Future presidents of California State University campuses will earn no more in base salary than their predecessors, unless the individual institutions can raise nonpublic funds for increasing their pay, according to a revised policy approved Tuesday by a committee of the Cal State system's Board of Trustees.
The policy, which will go to the full board for approval on Wednesday, came in response to public criticism of several pay packages given to new presidents within the cash-strapped system. The board approved a policy in January that limited salary increases for new presidents to 10 percent above the pay of their predecessors, but public outcry continued when, just two months later, the trustees awarded the maximum possible raises to two new presidents.

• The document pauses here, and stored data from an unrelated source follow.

(* For every integer $k\ge1$, the monomials $u^iv^jw^{2k-i-j}$ occurring with nonzero coefficient in $P_{k/(k+1)}(u,v,w)$ are exactly those with $(i,j)\in\mathbb{Z}^2$, $i,j\ge0$, $\frac{i}{k}+\frac{j}{k+1}\ge1$ and $i+j\le 2k$.
   Context: Markov polynomials. Let $x,y,z$ be indeterminates. Consider the set consisting of all rationals $\rho\in[0,1]$, each written in lowest terms $\rho=a/b$ with integers $a\ge 0$, $b\ge 1$, together with the formal symbol $1/0$. Define Laurent polynomials $M_\rho(x,y,z)$ recursively by $M_{1/0}=y$, $M_{0/1}=x$, $M_{1/1}=\frac{x^2+y^2}{z}$, and: whenever $a/b$, $c/d$ are in this set with $|ad-bc|=1$ and $(a+2c)/(b+2d)\in[0,1]$, then $M_{\frac{a+2c}{b+2d}}=\big(M_{c/d}^2+M_{\frac{a+c}{b+d}}^2\big)/M_{a/b}$. This determines $M_\rho$ for every rational $\rho\in[0,1]$. Numerator. For coprime $1\le a\le b$, $P_{a/b}(u,v,w)$ denotes the homogeneous polynomial of degree $a+b-1$ such that $M_{a/b}(x,y,z)=P_{a/b}(x^2,y^2,z^2)/(x^{a-1}y^{b-1}z^{a+b-1})$; its existence is known. *)

theory Defs
  imports Complex_Main
begin

text \<open>Indices: a pair (a,b) of naturals stands for the fraction a/b. The index set consists
of all rationals in [0,1] in lowest terms (coprime a b, a \<le> b, b \<ge> 1) together with 1/0.\<close>

definition markov_index :: "nat \<times> nat \<Rightarrow> bool" where
  "markov_index p \<longleftrightarrow> (case p of (a, b) \<Rightarrow>
      (coprime a b \<and> a \<le> b \<and> 1 \<le> b) \<or> (a = 1 \<and> b = 0))"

They included Mildred García, who will earn $324,500 as the next president of the Fullerton campus; and Leroy M. Morishita, who will earn $303,660 as the new president at East Bay.

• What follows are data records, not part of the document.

(* Let $\lambda$ be an infinite cardinal and $\chi$ either $2$ or an infinite cardinal, with $\chi<\lambda$. For every $S\in J_\chi[\lambda^+]$, the set $S\cap E^{\lambda^+}_{\mathrm{cf}(\lambda)}$ is nonstationary.
   Context: $E^\kappa_\theta=\{\alpha<\kappa\mid\mathrm{cf}(\alpha)=\theta\}$. For regular uncountable $\kappa$, $J_\chi[\kappa]$ is the collection of all $S\subseteq\kappa$ for which there exist a club $C\subseteq\kappa$ and functions $f_i:\kappa\to[\kappa]^{<\chi}$ ($i<\kappa$) such that for every $\alpha\in S\cap C$, every regressive $f:\alpha\to\alpha$ and every cofinal $B\subseteq\alpha$, there is $i<\alpha$ with $\sup\{\beta\in B\mid f(\beta)\in f_i(\beta)\}=\alpha$. *)

theory Defs
  imports Main "HOL-Library.Equipollence"
begin

text \<open>Convention: ordinals below a regular cardinal kappa are modelled as the elements
of a type 'k of class wellorder whose order type is kappa. Cardinal comparisons use
equipollence.\<close>

definition initial_ord :: "'k::wellorder \<Rightarrow> bool" where
  "initial_ord a \<longleftrightarrow> (\<forall>y<a. {..<y} \<prec> {..<a})"

definition weakly_cofinal :: "'k::wellorder set \<Rightarrow> 'k \<Rightarrow> bool" where
  "weakly_cofinal B a \<longleftrightarrow> B \<subseteq> {..<a} \<and> (\<forall>g<a. \<exists>b\<in>B. g \<le> b)"

definition cof :: "'k::wellorder \<Rightarrow> 'k" where
  "cof a = (LEAST c. \<exists>B. weakly_cofinal B a \<and> B \<approx> {..<c})"

definition E_cof :: "'k::wellorder \<Rightarrow> 'k set" where
  "E_cof t = {a. cof a = t}"

definition sup_is :: "'k::wellorder set \<Rightarrow> 'k \<Rightarrow> bool" where
  "sup_is X a \<longleftrightarrow> X \<subseteq> {..<a} \<and> (\<forall>g<a. \<exists>x\<in>X. g < x)"

definition club :: "'k::wellorder set \<Rightarrow> bool" where
  "club C \<longleftrightarrow> (\<forall>x. \<exists>c\<in>C. x < c) \<and>
     (\<forall>a. (\<exists>g. g < a) \<and> (\<forall>b<a. \<exists>c\<in>C. b < c \<and> c < a) \<longrightarrow> a \<in> C)"

definition stationary :: "'k::wellorder set \<Rightarrow> bool" where
  "stationary S \<longleftrightarrow> (\<forall>C. club C \<longrightarrow> S \<inter> C \<noteq> {})"

definition regressive_on :: "('k::wellorder \<Rightarrow> 'k) \<Rightarrow> 'k \<Rightarrow> bool" where
  "regressive_on f a \<longleftrightarrow> (\<forall>b<a. f b < a \<and> ((\<exists>g. g < b) \<longrightarrow> f b < b))"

Under the revised policy that the committee approved on Tuesday, campuses could still provide raises of up to 10 percent for new presidents, but only if the money came from private foundations, as opposed to tax or tuition dollars.

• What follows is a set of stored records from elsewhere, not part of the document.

lemma robustness_weightsI:
  assumes "cone K" "Z \<in> F" "1 < \<sigma>" "\<sigma> *\<^sub>R Z - E \<in> K"
  shows "\<sigma> - 1 \<in> robustness_weights F K E"
proof -
  define E' where "E' = inverse (\<sigma> - 1) *\<^sub>R (\<sigma> *\<^sub>R Z - E)"
  have "E' \<in> K"
    using assms(1,3,4) by (simp add: E'_def cone_def)
  moreover have "inverse (1 + (\<sigma> - 1)) *\<^sub>R (E + (\<sigma> - 1) *\<^sub>R E') = Z"
    using assms(3) by (simp add: E'_def)
  ultimately show ?thesis
    using assms(2,3) by (auto simp: robustness_weights_def)
qed

lemma inner_le_one_plus_weight:
  fixes \<phi> :: "'a::real_inner"
  assumes "\<forall>k\<in>K. 0 \<le> inner \<phi> k" and "\<forall>Z\<in>F. inner \<phi> Z \<le> 1"
    and "l \<in> robustness_weights F K E"
  shows "inner \<phi> E \<le> 1 + l"
proof -
  obtain E' Z where l: "0 \<le> l" and E': "E' \<in> K" and Z: "Z \<in> F"
    and Z_eq: "Z = inverse (1 + l) *\<^sub>R (E + l *\<^sub>R E')"
    using assms(3) by (auto simp: robustness_weights_def)
  have "E = (1 + l) *\<^sub>R Z - l *\<^sub>R E'"
    using l by (simp add: Z_eq)
  then have "inner \<phi> E = (1 + l) * inner \<phi> Z - l * inner \<phi> E'"
    by (simp add: inner_diff_right)
  moreover have "(1 + l) * inner \<phi> Z \<le> 1 + l"
    using mult_left_mono[of "inner \<phi> Z" 1 "1 + l"] assms(2) Z l by simp
  moreover have "0 \<le> l * inner \<phi> E'"
    using assms(1) E' l by simp
  ultimately show ?thesis by linarith
qed

lemma convex_scaled_below:
  fixes D :: "'a::real_vector set"
  assumes "convex D"
  shows "convex {s *\<^sub>R d | s d. 0 \<le> s \<and> s < r \<and> d \<in> D}"
proof (rule convexI)
  fix x y and u v :: real
  assume "x \<in> {s *\<^sub>R d | s d. 0 \<le> s \<and> s < r \<and> d \<in> D}" "y \<in> {s *\<^sub>R d | s d. 0 \<le> s \<and> s < r \<and> d \<in> D}"
    and uv: "0 \<le> u" "0 \<le> v" "u + v = 1"
  then obtain s1 d1 s2 d2 where x: "x = s1 *\<^sub>R d1" "0 \<le> s1" "s1 < r" "d1 \<in> D"
    and y: "y = s2 *\<^sub>R d2" "0 \<le> s2" "s2 < r" "d2 \<in> D"
    by blast
  define \<sigma> where "\<sigma> = u * s1 + v * s2"
  have "0 \<le> \<sigma>" "\<sigma> < r"
    using x y uv by (simp_all add: \<sigma>_def convex_bound_lt)
  have scaled_in: "s *\<^sub>R d \<in> {s *\<^sub>R d | s d. 0 \<le> s \<and> s < r \<and> d \<in> D}"
    if "0 \<le> s" "s < r" "d \<in> D" for s d
    using that by blast
  show "u *\<^sub>R x + v *\<^sub>R y \<in> {s *\<^sub>R d | s d. 0 \<le> s \<and> s < r \<and> d \<in> D}"
  proof (cases "\<sigma> = 0")
    case True
    then have zero: "u * s1 = 0" "v * s2 = 0"
      using x y uv by (simp_all add: \<sigma>_def add_nonneg_eq_0_iff)
    then have "u *\<^sub>R x + v *\<^sub>R y = 0 *\<^sub>R d1"
      unfolding x y scaleR_scaleR zero by simp
    then show ?thesis
      using scaled_in[of 0 d1] x \<open>\<sigma> < r\<close> True by simp
  next
    case False
    then have "0 < \<sigma>" using \<open>0 \<le> \<sigma>\<close> by simp
    have "(u * s1 / \<sigma>) *\<^sub>R d1 + (v * s2 / \<sigma>) *\<^sub>R d2 \<in> D"
      using x y uv \<open>0 < \<sigma>\<close>
      by (intro convexD[OF assms]) (simp_all add: \<sigma>_def add_divide_distrib[symmetric])
    moreover have "u *\<^sub>R x + v *\<^sub>R y = \<sigma> *\<^sub>R ((u * s1 / \<sigma>) *\<^sub>R d1 + (v * s2 / \<sigma>) *\<^sub>R d2)"
      using \<open>0 < \<sigma>\<close> by (simp add: x y scaleR_add_right)
    ultimately show ?thesis
      using scaled_in \<open>0 \<le> \<sigma>\<close> \<open>\<sigma> < r\<close> by simp
  qed
qed

definition scaled_differences :: "real \<Rightarrow> 'a::real_vector set \<Rightarrow> 'a set \<Rightarrow> 'a set" where
  "scaled_differences r C K = {s *\<^sub>R (c - k) | s c k. 0 \<le> s \<and> s < r \<and> c \<in> C \<and> k \<in> K}"

lemma convex_scaled_differences:
  assumes "convex C" "convex K"
  shows "convex (scaled_differences r C K)"
proof -
  have "scaled_differences r C K = {s *\<^sub>R d | s d. 0 \<le> s \<and> s < r \<and> d \<in> (\<Union>c\<in>C. \<Union>k\<in>K. {c - k})}"
    unfolding scaled_differences_def by blast
  then show ?thesis
    using convex_scaled_below[OF convex_differences[OF assms]] by simp
qed

lemma scaled_differences_subset:
  assumes "subspace W" "C \<subseteq> W" "K \<subseteq> W"
  shows "scaled_differences r C K \<subseteq> W"
  using assms unfolding scaled_differences_def by (blast intro: subspace_scale subspace_diff)

lemma mult_le_from_below:
  fixes r p b :: real
  assumes "0 \<le> r" "0 \<le> b" and below: "\<And>s. 0 \<le> s \<Longrightarrow> s < r \<Longrightarrow> s * p \<le> b"
  shows "r * p \<le> b"
proof (cases "0 < p")
  case True
  have "r \<le> b / p"
  proof (rule dense_le)
    fix s assume "s < r"
    show "s \<le> b / p"
    proof (cases "0 \<le> s")
      case True
      then show ?thesis
        using below[OF True \<open>s < r\<close>] \<open>0 < p\<close> by (simp add: pos_le_divide_eq)
    next
      case False
      then show ?thesis
        using assms(2) \<open>0 < p\<close> by (smt (verit) divide_nonneg_pos)
    qed
  qed
  then show ?thesis
    using True by (simp add: pos_le_divide_eq mult.commute)
next
  case False
  then show ?thesis
    using assms(1,2) by (smt (verit) mult_nonneg_nonpos)
qed

lemma separating_functional_in_subspace:
  fixes P :: "'a::euclidean_space set"
  assumes "subspace W" "P \<subseteq> W" "E \<in> W" "convex P" "P \<noteq> {}" "E \<notin> P"
  shows "\<exists>a\<in>W. a \<noteq> 0 \<and> (\<forall>x\<in>P. inner a x \<le> inner a E)"
proof -
  define V where "V = (+) E ` uminus ` P"
  have "convex V"
    unfolding V_def using assms(4) by (intro convex_translation convex_negations)
  moreover have "V \<noteq> {}" "0 \<notin> V"
    using assms(5,6) by (auto simp: V_def)
  ultimately obtain a where "a \<in> span V" "a \<noteq> 0" and a: "\<And>v. v \<in> V \<Longrightarrow> 0 \<le> inner a v"
    using separating_hyperplane_set_0_inspan by blast
  moreover have "span V \<subseteq> W"
    using assms(1-3) by (intro span_minimal) (auto simp: V_def subspace_diff)
  moreover have "inner a x \<le> inner a E" if "x \<in> P" for x
    using a[of "E - x"] that by (simp add: V_def inner_diff_right)
  ultimately show ?thesis
    by blast
qed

Lou Monville, a board member and chair of the Special Committee on Presidential Selection and Compensation, said the new policy strikes the right balance between addressing public concerns and allowing campuses to remain competitive when hiring new leaders.
"We have a policy that is transparent and accountable to taxpayers," he said. "The actions our committee took this morning, and the board will hopefully ratify tomorrow, will continue to make that policy responsive to the needs of CSU and the taxpayers of California."
The board came under fire last summer, when trustees approved a $400,000 salary for Elliot Hirshman, former provost of the University of Maryland-Baltimore County, as president of San Diego State University. Mr. Hirshman's salary was 33 percent higher than that of his predecessor.
If adopted, the board's compensation policy would place an additional fund-raising burden on any of the 23 campuses where new presidents are awarded raises.
There is great variation in the maturity and success of fund-raising operations across the campuses. The Channel Islands campus, for instance, averaged $2.3-million in gift commitments from 2009 to 2011, university data show. Over that same period, San Diego State received $64.8-million in commitments.
While acknowledging the differences in past fund-raising performance among campuses, Mr. Monville said he did not think the new policy placed less wealthy campuses at a disadvantage.
"The foundations are going to have to be willing to step up and participate, and will have to raise those dollars to do so," he said. "In all of the cases before, regardless of campus size, large or small, when we've asked them to assist, they've been willing to do so."